lemma SUP_gen_muhat_error_bound:
  assumes p_eq: "\<And>u. 0 \<le> u \<Longrightarrow> p u = u * h u"
    and Ahat_eq: "\<And>u. 0 \<le> u \<Longrightarrow> Ahat h u = p2 u - p1 u + p1 0"
    and "1 \<le> L" "1 \<le> N" "0 < d"
  shows "0 \<le> (SUP \<eta>\<in>Omega L N. \<bar>gen L d (\<lambda>\<xi>. muhat L N d \<xi> h) \<eta> / (d * L) - muhat L N d \<eta> (Ahat h)\<bar>)
     \<and> (SUP \<eta>\<in>Omega L N. \<bar>gen L d (\<lambda>\<xi>. muhat L N d \<xi> h) \<eta> / (d * L) - muhat L N d \<eta> (Ahat h)\<bar>)
       \<le> gen_error (d * L / N) d L"
    (is "0 \<le> (SUP \<eta>\<in>_. ?err \<eta>) \<and> _ \<le> ?bound")
proof
  have bound: "?err \<eta> \<le> ?bound" if "\<eta> \<in> Omega L N" for \<eta>
    by (rule gen_muhat_error_bound[OF p_eq Ahat_eq assms(3-5) that])
  obtain \<eta>0 where "\<eta>0 \<in> Omega L N"
    using Omega_nonempty[OF assms(3)] by blast
  moreover have "bdd_above (?err ` Omega L N)"
    using bound by (intro bdd_aboveI2)
  ultimately show "0 \<le> (SUP \<eta>\<in>Omega L N. ?err \<eta>)"
    by (meson abs_ge_zero cSUP_upper2)
  show "(SUP \<eta>\<in>Omega L N. ?err \<eta>) \<le> ?bound"
    using bound Omega_nonempty[OF assms(3)] by (intro cSUP_least) auto
qed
---*---
> **Activity**
All lines of the data above must be returned exactly.

> **Solution to this problem**
lemma SUP_gen_muhat_error_bound:
  assumes p_eq: "\<And>u. 0 \<le> u \<Longrightarrow> p u = u * h u"
    and Ahat_eq: "\<And>u. 0 \<le> u \<Longrightarrow> Ahat h u = p2 u - p1 u + p1 0"
    and "1 \<le> L" "1 \<le> N" "0 < d"
  shows "0 \<le> (SUP \<eta>\<in>Omega L N. \<bar>gen L d (\<lambda>\<xi>. muhat L N d \<xi> h) \<eta> / (d * L) - muhat L N d \<eta> (Ahat h)\<bar>)
     \<and> (SUP \<eta>\<in>Omega L N. \<bar>gen L d (\<lambda>\<xi>. muhat L N d \<xi> h) \<eta> / (d * L) - muhat L N d \<eta> (Ahat h)\<bar>)
       \<le> gen_error (d * L / N) d L"
    (is "0 \<le> (SUP \<eta>\<in>_. ?err \<eta>) \<and> _ \<le> ?bound")
proof
  have bound: "?err \<eta> \<le> ?bound" if "\<eta> \<in> Omega L N" for \<eta>
    by (rule gen_muhat_error_bound[OF p_eq Ahat_eq assms(3-5) that])
  obtain \<eta>0 where "\<eta>0 \<in> Omega L N"
    using Omega_nonempty[OF assms(3)] by blast
  moreover have "bdd_above (?err ` Omega L N)"
    using bound by (intro bdd_aboveI2)
  ultimately show "0 \<le> (SUP \<eta>\<in>Omega L N. ?err \<eta>)"
    by (meson abs_ge_zero cSUP_upper2)
  show "(SUP \<eta>\<in>Omega L N. ?err \<eta>) \<le> ?bound"
    using bound Omega_nonempty[OF assms(3)] by (intro cSUP_least) auto
qed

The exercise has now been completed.